Five patients had no gastrointestinal symptoms at diagnosis. Four of these patients had positive coeliac serology during routine complication screening for type 1 diabetes (T1DM). The fifth patient had coeliac serology performed as part of investigation into recurrent infections.

Overall, ten children were noted to have other medical problems potentially related to the development of coeliac disease. Five patients had T1DM, two patients had Trisomy 21, two patients had juvenile rheumatoid arthritis, and one patient had Raynaud's phenomenon. Fourteen of the 79 (18%) patients had a family history of coeliac disease in a first degree relative.

The mean weights and heights of the subjects with coeliac disease were not significantly different to the reference sex and age matched population (mean weight SD -0.45 ± 0.14; mean height SD -0.4 ± 0.17). However, 5% of the children with coeliac disease had a weight SD score of more than 2 SD below the mean and 12% of children had a height SD score of more than 2 SD below the mean.

Laboratory data

Seventeen of 64 (26%) patients with haemoglobin levels available had haemoglobin levels below the reference range for age (mean haemoglobin 118 g/L ± 0.2). Thirty two of 37 (86%) patients who had iron studies available were deemed iron deficient (low serum iron and ferritin). Of those who were biochemically iron deficient, 8 (25%) had normal haemoglobin values for their age.
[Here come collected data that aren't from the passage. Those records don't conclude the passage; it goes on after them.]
(* Let $\alpha>-2$ and let $N\ge N_\alpha$ be an integer. Then $$u_{\beta_0}(r)\le-(4+\alpha)\ln r+\ln\big[2(4+\alpha)(N-2)(N-4)\big]\quad\text{for all }r>0,$$ and consequently $|x|^\alpha e^{u_\beta(x)}\le\frac{N^2(N-4)^2}{16|x|^4}$ for all $x\in\mathbb{R}^N\setminus\{0\}$ and all $\beta\le\beta_0$.
   Context: Fix an integer $N\ge3$ and $\alpha>-2$. For $\beta\in\mathbb{R}$, $u_\beta$ denotes the radial function $u_\beta(x)=u_\beta(r)$, $r=|x|$, solving the initial value problem $\Delta^2u=|x|^\alpha e^u$ for $r\in[0,R_\beta)$, $u'(0)=u'''(0)=0$, $u(0)=0$, $\Delta u(0)=\beta$, where $\Delta u=u''+\frac{N-1}{r}u'$ is the radial Laplacian in $\mathbb{R}^N$ and $[0,R_\beta)$ is the maximal interval of existence. $\beta_0:=\sup\{\beta\in\mathbb{R}:R_\beta=\infty\}$; it is known that $\beta_0$ is a finite negative number and that $R_\beta=\infty$ if and only if $\beta\le\beta_0$. $N_\alpha$ denotes the unique root in $(5,\infty)$ of the equation $\frac{N^2(N-4)^2}{16}=2(4+\alpha)(N-2)(N-4)$ (in the variable $N$). *)

theory Defs
  imports "HOL-Analysis.Analysis"
begin

text \<open>Radial solution of the IVP  Delta^2 u = r^alpha e^u, u(0)=0, u'(0)=u'''(0)=0,
  Delta u(0)=beta in R^N, existing on all of [0,infinity), written in the standard
  integral form (w plays the role of the radial Laplacian of u):
  w(r) = beta + int_0^r s^(1-N) int_0^s t^(N-1) t^alpha e^(u t) dt ds,
  u(r) = int_0^r s^(1-N) int_0^s t^(N-1) w(t) dt ds.\<close>
definition global_radial_sol :: "nat \<Rightarrow> real \<Rightarrow> real \<Rightarrow> (real \<Rightarrow> real) \<Rightarrow> bool" where
  "global_radial_sol N \<alpha> \<beta> u \<longleftrightarrow>
     continuous_on {0..} u \<and> u 0 = 0 \<and>
     (\<exists>w. continuous_on {0..} w \<and> w 0 = \<beta> \<and>
        (\<forall>r\<ge>0. ((\<lambda>s. s powr (1 - real N) *
                    integral {0..s} (\<lambda>t. t powr (real N - 1 + \<alpha>) * exp (u t)))
                 has_integral (w r - \<beta>)) {0..r}) \<and>
        (\<forall>r\<ge>0. ((\<lambda>s. s powr (1 - real N) *
                    integral {0..s} (\<lambda>t. t powr (real N - 1) * w t))
                 has_integral (u r)) {0..r}))"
IgG AGA was elevated in 97% of cases. IgA AGA was elevated in 94% of cases. There were no patients with IgA deficiency. EMA were elevated in 97% of this group of children. There were two patients with positive EMA antibodies who had negative AGA, on the other hand there was one patient (aged 9 years) with negative EMA who had positive AGA.

Discussion

This study describes the clinical features at presentation in a group of Australian children diagnosed with coeliac disease during a time of increasing awareness of this disease and widespread availability of reliable laboratory screening tests. The children included in this retrospective review presented with a wide variety of clinical features. The most common clinical features of coeliac disease in younger children were the so-called classical symptoms of diarrhoea, irritability and weight loss. However, older children more commonly presented with abdominal pain. There were few cases without gastrointestinal symptoms in our cohort.
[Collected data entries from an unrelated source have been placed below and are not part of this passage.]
(* Let $r\ge2$ and $R=\{1,2,r+1,r+2\}$. Then for all $n,k\ge1$, the number $L(n,k)^{-1}_R$ is either $0$ or has sign $(-1)^{n-k}$, i.e. $(-1)^{n-k}L(n,k)^{-1}_R\ge0$. Equivalently, the compositional inverse of $x+x^2+x^{r+1}+x^{r+2}$ has coefficient of $x^n$ of sign $(-1)^{n-1}$ or $0$ for every $n\ge1$.
   Context: For $R\subseteq\mathbb N$, $L(n,k)_R$ is the number of partitions of $[n]$ into $k$ lists (linearly ordered nonempty blocks) each of size in $R$, and $L(n,k)^{-1}_R$ is the $(n,k)$ entry of the inverse of the infinite lower-triangular matrix $[L(n,k)_R]_{n,k\ge1}$ (rows indexed by $n$). *)

theory Defs
  imports Complex_Main
begin

text \<open>Partitions of [n] = {1..n} into k lists (linearly ordered nonempty blocks),
  each list having length in R.\<close>

definition list_partitions :: "nat \<Rightarrow> nat \<Rightarrow> nat set \<Rightarrow> nat list set set" where
  "list_partitions n k R =
     {P. finite P \<and> card P = k \<and>
         (\<forall>xs\<in>P. xs \<noteq> [] \<and> distinct xs \<and> length xs \<in> R) \<and>
         (\<forall>xs\<in>P. \<forall>ys\<in>P. xs \<noteq> ys \<longrightarrow> set xs \<inter> set ys = {}) \<and>
         (\<Union>xs\<in>P. set xs) = {1..n}}"

definition Lah_R :: "nat set \<Rightarrow> nat \<Rightarrow> nat \<Rightarrow> nat" where
  "Lah_R R n k = card (list_partitions n k R)"

text \<open>Entries of the inverse of an infinite lower-triangular matrix M
  (rows/columns indexed from 1), computed by forward substitution from
  \<open>\<Sum>j=k..n. M n j * X j k = (if n = k then 1 else 0)\<close>.\<close>

function lt_inv :: "(nat \<Rightarrow> nat \<Rightarrow> real) \<Rightarrow> nat \<Rightarrow> nat \<Rightarrow> real" where
  "lt_inv M n k =
     (if n < k then 0
      else if n = k then 1 / M n n
      else - (\<Sum>j\<in>{k..<n}. M n j * lt_inv M j k) / M n n)"
  by auto
termination
  by (relation "measure (\<lambda>(M, n, k). n)") auto

definition Lah_R_inv :: "nat set \<Rightarrow> nat \<Rightarrow> nat \<Rightarrow> real" where
  "Lah_R_inv R n k = lt_inv (\<lambda>i j. real (Lah_R R i j)) n k"

end

theory Submission
  imports Defs "HOL-Computational_Algebra.Formal_Power_Series"
begin

unbundle fps_syntax

text \<open>Splitting off one list shows \<open>L(n,k)_R = n!/k! [x^n] F^k\<close> for
  \<open>F = \<Sum>_{m\<in>R} x^m\<close>, i.e. the matrix is the Jabotinsky matrix of F; the inverse of the
  Jabotinsky matrix of F is that of the compositional inverse G of F.
  For \<open>F = x + x^2 + x^(r+1) + x^(r+2)\<close> one has \<open>-F(-x) = x Q(x)\<close> with
  \<open>Q = (1 - x)(1 + (-1)^r x^r)\<close>, so \<open>H(x) = -G(-x)\<close> satisfies \<open>H = x P(H)\<close> with
  \<open>P = 1/Q\<close>. As P has nonnegative coefficients (it is a product of geometric series),
  so does H, and \<open>(-1)^(n-k) [x^n] G^k = [x^n] H^k \<ge> 0\<close>.\<close>

section \<open>Counting list partitions\<close>

definition list_partitions_on :: "'a set \<Rightarrow> nat \<Rightarrow> nat set \<Rightarrow> 'a list set set" where
  "list_partitions_on S k R =
     {P. finite P \<and> card P = k \<and>
         (\<forall>xs\<in>P. xs \<noteq> [] \<and> distinct xs \<and> length xs \<in> R) \<and>
         (\<forall>xs\<in>P. \<forall>ys\<in>P. xs \<noteq> ys \<longrightarrow> set xs \<inter> set ys = {}) \<and>
         (\<Union>xs\<in>P. set xs) = S}"

definition distinct_lists :: "'a set \<Rightarrow> nat \<Rightarrow> 'a list set" where
  "distinct_lists S m = {xs. length xs = m \<and> distinct xs \<and> set xs \<subseteq> S}"

lemma list_partitions_eq: "list_partitions n k R = list_partitions_on {1..n} k R"
  unfolding list_partitions_def list_partitions_on_def ..

lemma finite_list_partitions_on:
  assumes "finite S"
  shows "finite (list_partitions_on S k R)"
proof (rule finite_subset)
  show "list_partitions_on S k R \<subseteq> Pow {xs. set xs \<subseteq> S \<and> distinct xs}"
    unfolding list_partitions_on_def by auto
  show "finite (Pow {xs. set xs \<subseteq> S \<and> distinct xs})"
    using finite_subset_distinct[OF assms] by simp
qed

lemma finite_distinct_lists: "finite S \<Longrightarrow> finite (distinct_lists S m)"
  unfolding distinct_lists_def
  by (rule finite_subset[OF _ finite_subset_distinct]) auto

lemma list_partitions_on_0: "list_partitions_on S 0 R = (if S = {} then {{}} else {})"
  unfolding list_partitions_on_def by (auto simp: card_eq_0_iff)

lemma insert_in_list_partitions_on:
  assumes Q: "Q \<in> list_partitions_on (S - set xs) k R"
    and xs: "xs \<noteq> []" "distinct xs" "length xs \<in> R" "set xs \<subseteq> S"
  shows "xs \<notin> Q" "insert xs Q \<in> list_partitions_on S (Suc k) R"
proof -
  have un: "(\<Union>ys\<in>Q. set ys) = S - set xs"
    using Q unfolding list_partitions_on_def by blast
  show nQ: "xs \<notin> Q"
  proof
    assume "xs \<in> Q"
    then have "set xs \<subseteq> S - set xs" using un by blast
    with xs(1) show False by (cases xs) auto
  qed
  then show "insert xs Q \<in> list_partitions_on S (Suc k) R"
    using Q xs un unfolding list_partitions_on_def by auto
qed

lemma remove_in_list_partitions_on:
  assumes P: "P \<in> list_partitions_on S (Suc k) R" and xs: "xs \<in> P"
  shows "P - {xs} \<in> list_partitions_on (S - set xs) k R"
proof -
  have dj: "\<forall>ys\<in>P. \<forall>zs\<in>P. ys \<noteq> zs \<longrightarrow> set ys \<inter> set zs = {}"
    and un: "(\<Union>ys\<in>P. set ys) = S" using P unfolding list_partitions_on_def by auto
  have "(\<Union>ys\<in>P - {xs}. set ys) = S - set xs"
    using dj un xs by blast
  then show ?thesis using P xs unfolding list_partitions_on_def by auto
qed

lemma card_marked_list_partitions:
  assumes "0 \<notin> R"
  shows "card (SIGMA P:list_partitions_on S (Suc k) R. P) =
         card (SIGMA xs:(\<Union>m\<in>R. distinct_lists S m). list_partitions_on (S - set xs) k R)"
    (is "card ?B = card ?A")
proof -
  let ?g = "\<lambda>(xs, Q). (insert xs Q, xs)"
  have block: "xs \<noteq> [] \<and> distinct xs \<and> length xs \<in> R \<and> set xs \<subseteq> S"
    if "xs \<in> (\<Union>m\<in>R. distinct_lists S m)" for xs
    using that assms unfolding distinct_lists_def by auto
  have inj: "inj_on ?g ?A"
  proof (rule inj_onI)
    fix p q assume p: "p \<in> ?A" and q: "q \<in> ?A" and eq: "?g p = ?g q"
    obtain xs Q where p_eq: "p = (xs, Q)" by (cases p)
    obtain xs' Q' where q_eq: "q = (xs', Q')" by (cases q)
    have xs': "xs' = xs" and ins: "insert xs Q = insert xs Q'" using eq p_eq q_eq by auto
    have "xs \<notin> Q" "xs \<notin> Q'"
      using p q insert_in_list_partitions_on(1) block unfolding p_eq q_eq xs' by blast+
    with ins have "Q = Q'" by (metis insert_ident)
    then show "p = q" using p_eq q_eq xs' by simp
  qed
  have img: "?g ` ?A = ?B"
  proof (rule set_eqI, rule iffI)
    fix z assume "z \<in> ?g ` ?A"
    then obtain xs Q where "z = (insert xs Q, xs)" "xs \<in> (\<Union>m\<in>R. distinct_lists S m)"
      "Q \<in> list_partitions_on (S - set xs) k R" by auto
    then show "z \<in> ?B" using insert_in_list_partitions_on(2) block by blast
  next
    fix z assume "z \<in> ?B"
    then obtain P xs where z: "z = (P, xs)" and P: "P \<in> list_partitions_on S (Suc k) R"
      and xs: "xs \<in> P" by auto
    have "xs \<in> (\<Union>m\<in>R. distinct_lists S m)"
      using P xs unfolding list_partitions_on_def distinct_lists_def by auto
    moreover have "z = ?g (xs, P - {xs})" using z xs by (simp add: insert_absorb)
    ultimately show "z \<in> ?g ` ?A" using remove_in_list_partitions_on[OF P xs] by blast
  qed
  show ?thesis using card_image[OF inj] img by simp
qed

lemma card_list_partitions_on_Suc:
  assumes R: "finite R" "0 \<notin> R" and S: "finite S"
  shows "real (Suc k) * real (card (list_partitions_on S (Suc k) R)) =
         (\<Sum>xs\<in>(\<Union>m\<in>R. distinct_lists S m). real (card (list_partitions_on (S - set xs) k R)))"
proof -
  have "card (SIGMA P:list_partitions_on S (Suc k) R. P) =
        (\<Sum>P\<in>list_partitions_on S (Suc k) R. card P)"
    using finite_list_partitions_on[OF S]
    by (intro card_SigmaI) (auto simp: list_partitions_on_def)
  also have "\<dots> = Suc k * card (list_partitions_on S (Suc k) R)"
    by (simp add: list_partitions_on_def)
  finally have "real (Suc k) * real (card (list_partitions_on S (Suc k) R)) =
        real (card (SIGMA P:list_partitions_on S (Suc k) R. P))"
    by (simp add: algebra_simps)
  also have "\<dots> = card (SIGMA xs:(\<Union>m\<in>R. distinct_lists S m). list_partitions_on (S - set xs) k R)"
    using card_marked_list_partitions[OF R(2)] by simp
  also have "\<dots> = (\<Sum>xs\<in>(\<Union>m\<in>R. distinct_lists S m). real (card (list_partitions_on (S - set xs) k R)))"
    using finite_distinct_lists[OF S] R(1) S
    by (subst card_SigmaI) (auto intro: finite_list_partitions_on)
  finally show ?thesis .
qed

lemma card_distinct_lists:
  assumes "finite S"
  shows "real (card (distinct_lists S m)) =
         (if m \<le> card S then fact (card S) / fact (card S - m) else 0)"
proof (cases "m \<le> card S")
  case True
  have "card (distinct_lists S m) = \<Prod>{card S - m + 1 .. card S}"
    unfolding distinct_lists_def by (rule card_lists_distinct_length_eq[OF assms True])
  also have "\<dots> = fact (card S) div fact (card S - m)"
    using True by (simp add: fact_div_fact)
  also have "real \<dots> = fact (card S) / fact (card S - m)"
    by (simp add: real_of_nat_div fact_dvd)
  finally show ?thesis using True by simp
next
  case False
  have "length xs \<le> card S" if "distinct xs" "set xs \<subseteq> S" for xs :: "'a list"
    using that card_mono[OF assms] distinct_card by metis
  with False have "distinct_lists S m = {}"
    unfolding distinct_lists_def by auto
  then show ?thesis using False by simp
qed

section \<open>Jabotinsky matrices\<close>

definition fps_of_set :: "nat set \<Rightarrow> real fps" where
  "fps_of_set R = Abs_fps (\<lambda>n. if n \<in> R then 1 else 0)"

definition jabotinsky :: "real fps \<Rightarrow> nat \<Rightarrow> nat \<Rightarrow> real" where
  "jabotinsky F n k = fact n / fact k * (F ^ k $ n)"

lemma jabotinsky_0: "jabotinsky F n 0 = (if n = 0 then 1 else 0)"
  by (simp add: jabotinsky_def)

lemma jabotinsky_diag: "F $ 0 = 0 \<Longrightarrow> jabotinsky F n n = (F $ 1) ^ n"
  by (simp add: jabotinsky_def startsby_zero_power_nth_same)

lemma jabotinsky_Suc:
  "real (Suc k) * jabotinsky F n (Suc k) =
     (\<Sum>m\<le>n. F $ m * (fact n / fact (n - m)) * jabotinsky F (n - m) k)"
proof -
  have "real (Suc k) * jabotinsky F n (Suc k) =
        real (Suc k) * (fact n / (real (Suc k) * fact k)) * ((F * F ^ k) $ n)"
    by (simp add: jabotinsky_def fact_Suc)
  also have "\<dots> = fact n / fact k * ((F * F ^ k) $ n)"
    by (simp del: of_nat_Suc)
  also have "\<dots> = (\<Sum>m\<le>n. F $ m * (fact n / fact k * F ^ k $ (n - m)))"
    by (simp add: fps_mult_nth atLeast0AtMost sum_distrib_left mult_ac)
  also have "\<dots> = (\<Sum>m\<le>n. F $ m * (fact n / fact (n - m)) * jabotinsky F (n - m) k)"
    by (rule sum.cong) (auto simp: jabotinsky_def)
  finally show ?thesis .
qed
The clinical features of the children in this study were similar to the clinical features described from populations in New Zealand [11], South Yorkshire [12] and Sweden [13]. Although abdominal pain is a common symptom of older children with coeliac disease, there is no association between classical recurrent abdominal pain and coeliac disease [14].
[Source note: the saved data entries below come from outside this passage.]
(* For every $\varepsilon>0$ and $n\in\mathbb{N}$ there exists $N\in\mathbb{N}$ such that every $N$-partitioned hypergraph $H$ with density $d$ has an $n$-partitioned subhypergraph $H_0$ with density at least $d-\varepsilon$ and with the following property: denoting by $I$ the index set of $H_0$, there exist vertices $\gamma_{ik}\in V_{ik}$, $i<k$, $i,k\in I$, such that for every $j\in I$ with $i<j<k$, the degree in the $(i,j,k)$-triad of $H_0$ of each top vertex of that triad is at most the degree of $\gamma_{ik}$ in that triad.
   Context: An $n$-partitioned hypergraph $H$ is a finite $3$-uniform hypergraph whose vertex set is partitioned into nonempty sets $V_{ij}$, $1\le i<j\le n$, such that every edge has, for some $1\le i<j<k\le n$, exactly one vertex in each of $V_{ij}$, $V_{ik}$, $V_{jk}$; the set of such edges is the $(i,j,k)$-triad, and vertices of $V_{ik}$ are its top vertices. The density of a triad is its number of edges divided by $|V_{ij}||V_{ik}||V_{jk}|$, and the density of $H$ is the minimum density of a triad. The degree of $v\in V_{ik}$ in the $(i,j,k)$-triad is the number of edges of the triad containing $v$ divided by $|V_{ij}||V_{jk}|$. For $I\subseteq[n]$, the induced subhypergraph with index set $I$ has parts $V_{ij}$, $i<j$, $i,j\in I$ (indexed by elements of $I$) and all edges of $H$ inside these parts; a subhypergraph is obtained from an induced subhypergraph by deleting some edges, and has the same index set. *)

theory Defs
  imports Main "HOL.Real"
begin

definition partitioned_hypergraph :: "nat \<Rightarrow> (nat \<Rightarrow> nat \<Rightarrow> nat set) \<Rightarrow> nat set set \<Rightarrow> bool" where
  "partitioned_hypergraph N V E \<longleftrightarrow>
     (\<forall>i j. 1 \<le> i \<and> i < j \<and> j \<le> N \<longrightarrow> finite (V i j) \<and> V i j \<noteq> {}) \<and>
     (\<forall>i j i' j'. 1 \<le> i \<and> i < j \<and> j \<le> N \<and> 1 \<le> i' \<and> i' < j' \<and> j' \<le> N \<and> (i, j) \<noteq> (i', j')
        \<longrightarrow> V i j \<inter> V i' j' = {}) \<and>
     (\<forall>e\<in>E. \<exists>i j k. 1 \<le> i \<and> i < j \<and> j < k \<and> k \<le> N \<and>
        (\<exists>a\<in>V i j. \<exists>b\<in>V i k. \<exists>c\<in>V j k. e = {a, b, c}))"

definition triad :: "(nat \<Rightarrow> nat \<Rightarrow> nat set) \<Rightarrow> nat set set \<Rightarrow> nat \<Rightarrow> nat \<Rightarrow> nat \<Rightarrow> nat set set" where
  "triad V E i j k = {e\<in>E. \<exists>a\<in>V i j. \<exists>b\<in>V i k. \<exists>c\<in>V j k. e = {a, b, c}}"

definition triad_density :: "(nat \<Rightarrow> nat \<Rightarrow> nat set) \<Rightarrow> nat set set \<Rightarrow> nat \<Rightarrow> nat \<Rightarrow> nat \<Rightarrow> real" where
  "triad_density V E i j k =
     real (card (triad V E i j k)) / (real (card (V i j)) * real (card (V i k)) * real (card (V j k)))"

text \<open>Degree of a (top) vertex v of V i k in the (i,j,k)-triad.\<close>
definition triad_degree :: "(nat \<Rightarrow> nat \<Rightarrow> nat set) \<Rightarrow> nat set set \<Rightarrow> nat \<Rightarrow> nat \<Rightarrow> nat \<Rightarrow> nat \<Rightarrow> real" where
  "triad_degree V E i j k v =
     real (card {e \<in> triad V E i j k. v \<in> e}) / (real (card (V i j)) * real (card (V j k)))"

text \<open>Density of the hypergraph with index set I: minimum density of a triad.
  Convention: if there is no triad (|I| < 3) the density is 1.\<close>
definition hdensity :: "nat set \<Rightarrow> (nat \<Rightarrow> nat \<Rightarrow> nat set) \<Rightarrow> nat set set \<Rightarrow> real" where
  "hdensity I V E =
     (if \<not> (\<exists>i\<in>I. \<exists>j\<in>I. \<exists>k\<in>I. i < j \<and> j < k) then 1
      else Min {triad_density V E i j k | i j k. i \<in> I \<and> j \<in> I \<and> k \<in> I \<and> i < j \<and> j < k})"

definition induced_edges :: "nat set \<Rightarrow> (nat \<Rightarrow> nat \<Rightarrow> nat set) \<Rightarrow> nat set set \<Rightarrow> nat set set" where
  "induced_edges I V E = {e\<in>E. e \<subseteq> \<Union>{V i j | i j. i \<in> I \<and> j \<in> I \<and> i < j}}"

end

theory Submission
  imports Defs "HOL-Library.Ramsey"
begin

text \<open>
  Put \<open>\<delta> = min \<epsilon> 1\<close> and call a vertex of \<open>V\<^sub>i\<^sub>k\<close> \<open>\<delta>\<close>-top in the triad \<open>(i,j,k)\<close> if at most
  \<open>\<delta> |V\<^sub>i\<^sub>k|\<close> vertices of \<open>V\<^sub>i\<^sub>k\<close> have larger degree there; at least \<open>\<delta> |V\<^sub>i\<^sub>k|\<close> vertices are
  \<open>\<delta>\<close>-top. Colour an index set \<open>Z\<close> by whether some vertex of \<open>V (min Z) (max Z)\<close> is \<open>\<delta>\<close>-top
  in every triad \<open>(min Z, j, max Z)\<close> with \<open>j \<in> Z\<close>. Ramsey's theorem gives a large index set that
  is homogeneous for all set sizes up to \<open>n\<close>; double counting over its middle indices produces
  sets of each size with a common \<open>\<delta>\<close>-top vertex, so the homogeneous colour is the positive one.
  On an \<open>n\<close>-subset \<open>I\<close> pick such vertices \<open>\<gamma>\<^sub>i\<^sub>k\<close> and delete from every triad the edges
  whose top vertex has larger degree than \<open>\<gamma>\<^sub>i\<^sub>k\<close>. Then \<open>\<gamma>\<^sub>i\<^sub>k\<close> has maximal degree, and a triad
  loses at most \<open>\<delta> |V\<^sub>i\<^sub>j| |V\<^sub>i\<^sub>k| |V\<^sub>j\<^sub>k|\<close> edges, i.e. at most \<open>\<delta>\<close> of its density.
\<close>

section \<open>Ramsey's theorem for all subset sizes simultaneously\<close>

lemma ramsey_two_colours:
  "\<exists>N::nat. \<forall>A (f :: 'a set \<Rightarrow> bool). finite A \<and> N \<le> card A \<longrightarrow>
     (\<exists>Y\<subseteq>A. card Y = M \<and> (\<forall>Z\<in>[Y]\<^bsup>r\<^esup>. \<forall>Z'\<in>[Y]\<^bsup>r\<^esup>. f Z = f Z'))"
proof -
  obtain N :: nat where N: "partn_lst {..<N} [M, M] r"
    using ramsey_full by blast
  have "\<exists>Y\<subseteq>A. card Y = M \<and> (\<forall>Z\<in>[Y]\<^bsup>r\<^esup>. \<forall>Z'\<in>[Y]\<^bsup>r\<^esup>. f Z = f Z')"
    if A: "finite A" "N \<le> card A" for A and f :: "'a set \<Rightarrow> bool"
  proof -
    obtain B where B: "B \<subseteq> A" "card B = N"
      using obtain_subset_with_card_n[OF A(2)] by metis
    obtain h where h: "bij_betw h {..<N} B"
      using ex_bij_betw_nat_finite[of B] B A(1) finite_subset by (metis atLeast0LessThan)
    define g where "g X = (if f (h ` X) then 0 else 1 :: nat)" for X
    obtain i H where i: "i < 2" and H: "H \<in> [{..<N}]\<^bsup>M\<^esup>" and gH: "g ` [H]\<^bsup>r\<^esup> \<subseteq> {i}"
      using partn_lstE[OF N, of g 2] by (fastforce simp: g_def nth_Cons split: nat.splits)
    have HN: "H \<subseteq> {..<N}" "card H = M" using H by (auto simp: nsets_def)
    have inj: "inj_on h H" using h HN(1) by (metis bij_betw_def inj_on_subset)
    show ?thesis
    proof (intro exI conjI ballI)
      show "h ` H \<subseteq> A" using h HN(1) B(1) by (auto simp: bij_betw_def)
      show "card (h ` H) = M" using card_image[OF inj] HN(2) by simp
      fix Z Z' assume "Z \<in> [h ` H]\<^bsup>r\<^esup>" "Z' \<in> [h ` H]\<^bsup>r\<^esup>"
      then obtain X X' where "X \<in> [H]\<^bsup>r\<^esup>" "Z = h ` X" "X' \<in> [H]\<^bsup>r\<^esup>" "Z' = h ` X'"
        by (metis inj nset_image_obtains)
      then show "f Z = f Z'" using gH by (auto simp: g_def split: if_splits)
    qed
  qed
  then show ?thesis by blast
qed

lemma ramsey_all_sizes:
  "\<exists>N::nat. \<forall>A (f :: nat \<Rightarrow> 'a set \<Rightarrow> bool). finite A \<and> N \<le> card A \<longrightarrow>
     (\<exists>Y\<subseteq>A. card Y = M \<and> (\<forall>r<K. \<forall>Z\<in>[Y]\<^bsup>r\<^esup>. \<forall>Z'\<in>[Y]\<^bsup>r\<^esup>. f r Z = f r Z'))"
proof (induction K arbitrary: M)
  case 0
  show ?case
    by (metis obtain_subset_with_card_n less_nat_zero_code)
next
  case (Suc K)
  obtain M' :: nat where M': "\<forall>A (f :: 'a set \<Rightarrow> bool). finite A \<and> M' \<le> card A \<longrightarrow>
      (\<exists>Y\<subseteq>A. card Y = M \<and> (\<forall>Z\<in>[Y]\<^bsup>K\<^esup>. \<forall>Z'\<in>[Y]\<^bsup>K\<^esup>. f Z = f Z'))"
    using ramsey_two_colours by blast
  obtain N where N: "\<forall>A (f :: nat \<Rightarrow> 'a set \<Rightarrow> bool). finite A \<and> N \<le> card A \<longrightarrow>
      (\<exists>Y\<subseteq>A. card Y = M' \<and> (\<forall>r<K. \<forall>Z\<in>[Y]\<^bsup>r\<^esup>. \<forall>Z'\<in>[Y]\<^bsup>r\<^esup>. f r Z = f r Z'))"
    using Suc.IH by blast
  have "\<exists>Y\<subseteq>A. card Y = M \<and> (\<forall>r<Suc K. \<forall>Z\<in>[Y]\<^bsup>r\<^esup>. \<forall>Z'\<in>[Y]\<^bsup>r\<^esup>. f r Z = f r Z')"
    if A: "finite A" "N \<le> card A" for A and f :: "nat \<Rightarrow> 'a set \<Rightarrow> bool"
  proof -
    obtain Y' where Y': "Y' \<subseteq> A" "card Y' = M'"
      and hom': "\<forall>r<K. \<forall>Z\<in>[Y']\<^bsup>r\<^esup>. \<forall>Z'\<in>[Y']\<^bsup>r\<^esup>. f r Z = f r Z'"
      using N A by blast
    obtain Y where Y: "Y \<subseteq> Y'" "card Y = M" and hom: "\<forall>Z\<in>[Y]\<^bsup>K\<^esup>. \<forall>Z'\<in>[Y]\<^bsup>K\<^esup>. f K Z = f K Z'"
      using M'[rule_format, of Y' "f K"] Y' A(1) finite_subset by blast
    have "f r Z = f r Z'" if "r < Suc K" "Z \<in> [Y]\<^bsup>r\<^esup>" "Z' \<in> [Y]\<^bsup>r\<^esup>" for r Z Z'
    proof (cases "r = K")
      case True
      then show ?thesis using that hom by blast
    next
      case False
      then show ?thesis using that hom' nsets_mono[OF Y(1)] by (meson in_mono less_SucE)
    qed
    then show ?thesis using Y Y'(1) by blast
  qed
  then show ?case by blast
qed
Anaemia was identified in approximately one quarter of the cases. Furthermore, many children had laboratory evidence of iron deficiency but were not anaemic at the time of diagnosis. Unfortunately only 86% of subjects had a full blood count taken, and 50% had blood taken for iron studies. Thus the true prevalence of anaemia and iron deficiency is uncertain. Cross sectional studies have identified a high prevalence of coeliac disease in patients with iron or folate deficiency [15,16]. The incidence of coeliac disease in patients in the community presenting only with iron or folate deficiency has been reported at 4.7% [15]. Anaemia was reported in only 5% of children with coeliac disease from the Netherlands [1]. In the United Kingdom, iron deficiency anaemia was reported in approximately 20% of adults with coeliac disease. Although the current data may have underestimated the true incidence of anaemia and iron deficiency, it is likely higher than that reported in these previous cohorts.

Growth failure in height and weight was not as common in this cohort as was described in coeliac children from the Netherlands, where 49.7% of children had poor growth [1]. In our study, 5% of children had a weight more than 2 SD below the mean, and 12% of children had a height more than 2 SD below the mean. Growth failure is more commonly seen in children diagnosed at a younger age than in our study [17]. The discrepancy in reported growth failure may also be due to different definitions of growth failure. In addition, because this was a retrospective study, it was not possible to obtain adequate information about growth velocity or of the children's genetic growth potential.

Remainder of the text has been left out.